[Stored data entries]
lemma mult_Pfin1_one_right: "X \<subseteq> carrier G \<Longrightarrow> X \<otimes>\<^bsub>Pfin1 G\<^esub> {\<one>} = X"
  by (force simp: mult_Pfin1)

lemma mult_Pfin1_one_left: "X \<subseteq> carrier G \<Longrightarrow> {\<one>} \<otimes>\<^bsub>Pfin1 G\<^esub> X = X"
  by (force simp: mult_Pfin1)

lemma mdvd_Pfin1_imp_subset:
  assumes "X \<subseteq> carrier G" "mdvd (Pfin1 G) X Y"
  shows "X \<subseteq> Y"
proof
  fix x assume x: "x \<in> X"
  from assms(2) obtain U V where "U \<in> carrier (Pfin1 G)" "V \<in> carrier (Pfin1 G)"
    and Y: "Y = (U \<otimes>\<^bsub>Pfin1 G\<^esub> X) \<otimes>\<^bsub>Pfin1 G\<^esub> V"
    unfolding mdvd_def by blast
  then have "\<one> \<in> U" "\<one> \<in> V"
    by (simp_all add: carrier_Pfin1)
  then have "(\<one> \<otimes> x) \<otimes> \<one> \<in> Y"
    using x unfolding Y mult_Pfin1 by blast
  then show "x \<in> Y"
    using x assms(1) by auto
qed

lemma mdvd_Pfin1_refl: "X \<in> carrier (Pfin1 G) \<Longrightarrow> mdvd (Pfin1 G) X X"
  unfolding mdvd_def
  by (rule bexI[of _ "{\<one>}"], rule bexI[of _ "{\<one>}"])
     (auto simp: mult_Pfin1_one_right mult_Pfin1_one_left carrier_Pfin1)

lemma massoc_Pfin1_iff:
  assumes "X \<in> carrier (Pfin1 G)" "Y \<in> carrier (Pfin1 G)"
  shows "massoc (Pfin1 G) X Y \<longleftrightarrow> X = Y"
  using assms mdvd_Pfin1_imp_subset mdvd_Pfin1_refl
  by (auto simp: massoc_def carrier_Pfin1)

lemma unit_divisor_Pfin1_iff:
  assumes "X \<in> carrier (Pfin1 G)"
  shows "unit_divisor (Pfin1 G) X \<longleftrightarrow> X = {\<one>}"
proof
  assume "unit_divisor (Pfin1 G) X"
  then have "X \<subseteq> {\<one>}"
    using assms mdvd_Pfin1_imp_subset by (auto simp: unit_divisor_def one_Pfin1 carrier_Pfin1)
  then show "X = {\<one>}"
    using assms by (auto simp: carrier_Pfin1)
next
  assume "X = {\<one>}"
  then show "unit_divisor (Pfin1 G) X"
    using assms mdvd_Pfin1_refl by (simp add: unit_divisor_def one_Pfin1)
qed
==
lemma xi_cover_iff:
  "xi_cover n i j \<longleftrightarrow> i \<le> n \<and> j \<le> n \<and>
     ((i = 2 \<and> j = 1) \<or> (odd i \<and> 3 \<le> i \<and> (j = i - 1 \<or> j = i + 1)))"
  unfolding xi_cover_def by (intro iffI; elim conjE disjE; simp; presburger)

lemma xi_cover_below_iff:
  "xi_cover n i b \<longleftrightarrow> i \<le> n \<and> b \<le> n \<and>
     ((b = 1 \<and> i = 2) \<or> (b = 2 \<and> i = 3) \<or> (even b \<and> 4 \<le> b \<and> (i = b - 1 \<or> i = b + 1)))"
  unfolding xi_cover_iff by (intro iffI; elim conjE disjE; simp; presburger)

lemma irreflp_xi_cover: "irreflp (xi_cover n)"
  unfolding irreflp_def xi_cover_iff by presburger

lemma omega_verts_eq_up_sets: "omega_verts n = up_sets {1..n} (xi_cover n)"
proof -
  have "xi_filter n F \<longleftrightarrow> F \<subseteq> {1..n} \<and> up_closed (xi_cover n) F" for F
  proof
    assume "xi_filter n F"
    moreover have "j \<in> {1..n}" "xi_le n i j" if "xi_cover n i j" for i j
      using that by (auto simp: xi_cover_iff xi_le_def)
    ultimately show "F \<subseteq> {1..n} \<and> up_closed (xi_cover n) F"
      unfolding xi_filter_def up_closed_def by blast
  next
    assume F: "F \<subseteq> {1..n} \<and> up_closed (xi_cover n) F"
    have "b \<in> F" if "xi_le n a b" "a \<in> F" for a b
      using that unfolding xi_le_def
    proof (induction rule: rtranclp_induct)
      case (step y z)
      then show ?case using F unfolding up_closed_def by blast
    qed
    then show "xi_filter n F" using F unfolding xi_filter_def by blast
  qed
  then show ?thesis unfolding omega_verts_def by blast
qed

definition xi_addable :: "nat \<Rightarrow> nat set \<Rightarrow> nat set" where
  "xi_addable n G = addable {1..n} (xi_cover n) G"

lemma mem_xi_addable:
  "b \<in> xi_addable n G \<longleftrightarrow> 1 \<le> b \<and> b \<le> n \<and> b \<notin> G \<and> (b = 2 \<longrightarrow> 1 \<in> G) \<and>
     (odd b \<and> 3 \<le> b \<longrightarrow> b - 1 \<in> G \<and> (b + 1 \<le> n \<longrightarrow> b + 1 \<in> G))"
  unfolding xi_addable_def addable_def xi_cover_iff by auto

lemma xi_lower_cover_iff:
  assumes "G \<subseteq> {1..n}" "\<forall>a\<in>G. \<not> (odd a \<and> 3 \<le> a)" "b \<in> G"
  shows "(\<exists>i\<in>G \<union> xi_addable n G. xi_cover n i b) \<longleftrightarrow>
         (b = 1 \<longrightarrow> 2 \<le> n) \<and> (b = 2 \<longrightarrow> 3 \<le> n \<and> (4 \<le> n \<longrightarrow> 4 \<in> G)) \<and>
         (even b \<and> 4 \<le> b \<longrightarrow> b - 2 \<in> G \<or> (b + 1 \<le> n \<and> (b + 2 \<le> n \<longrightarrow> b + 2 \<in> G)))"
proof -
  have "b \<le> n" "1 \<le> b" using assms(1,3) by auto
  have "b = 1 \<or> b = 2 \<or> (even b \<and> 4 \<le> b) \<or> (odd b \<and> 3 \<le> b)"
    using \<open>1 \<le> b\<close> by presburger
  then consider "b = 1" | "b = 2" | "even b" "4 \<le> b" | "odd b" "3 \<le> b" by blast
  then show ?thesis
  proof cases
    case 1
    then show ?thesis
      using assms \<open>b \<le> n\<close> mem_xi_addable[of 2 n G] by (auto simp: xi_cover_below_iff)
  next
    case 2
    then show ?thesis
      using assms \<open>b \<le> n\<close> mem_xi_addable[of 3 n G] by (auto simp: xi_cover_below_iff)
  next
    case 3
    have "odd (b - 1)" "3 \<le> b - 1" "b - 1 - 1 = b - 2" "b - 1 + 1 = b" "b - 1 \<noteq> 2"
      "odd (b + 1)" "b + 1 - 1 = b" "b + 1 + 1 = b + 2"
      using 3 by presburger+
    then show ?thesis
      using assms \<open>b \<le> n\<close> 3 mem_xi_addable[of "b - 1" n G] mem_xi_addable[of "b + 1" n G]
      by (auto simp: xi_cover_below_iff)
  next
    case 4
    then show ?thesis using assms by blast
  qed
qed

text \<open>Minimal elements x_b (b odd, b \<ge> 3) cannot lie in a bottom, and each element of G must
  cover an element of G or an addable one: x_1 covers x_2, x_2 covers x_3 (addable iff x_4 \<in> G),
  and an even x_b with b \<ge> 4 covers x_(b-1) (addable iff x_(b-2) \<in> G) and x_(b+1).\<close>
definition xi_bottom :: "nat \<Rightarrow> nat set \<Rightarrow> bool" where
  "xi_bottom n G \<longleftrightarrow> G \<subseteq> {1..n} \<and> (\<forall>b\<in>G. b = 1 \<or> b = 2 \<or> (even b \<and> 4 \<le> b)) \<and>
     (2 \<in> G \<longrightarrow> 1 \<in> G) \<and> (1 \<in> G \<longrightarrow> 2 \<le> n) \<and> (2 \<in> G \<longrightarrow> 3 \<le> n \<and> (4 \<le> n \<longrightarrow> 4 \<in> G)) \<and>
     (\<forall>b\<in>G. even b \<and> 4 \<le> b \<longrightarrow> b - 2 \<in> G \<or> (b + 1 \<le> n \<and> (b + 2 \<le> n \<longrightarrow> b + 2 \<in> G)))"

◆ **Task prompt**: Copy each line of the records containing the string "element".

◆ **Response to this task**:
text \<open>Minimal elements x_b (b odd, b \<ge> 3) cannot lie in a bottom, and each element of G must
  cover an element of G or an addable one: x_1 covers x_2, x_2 covers x_3 (addable iff x_4 \<in> G),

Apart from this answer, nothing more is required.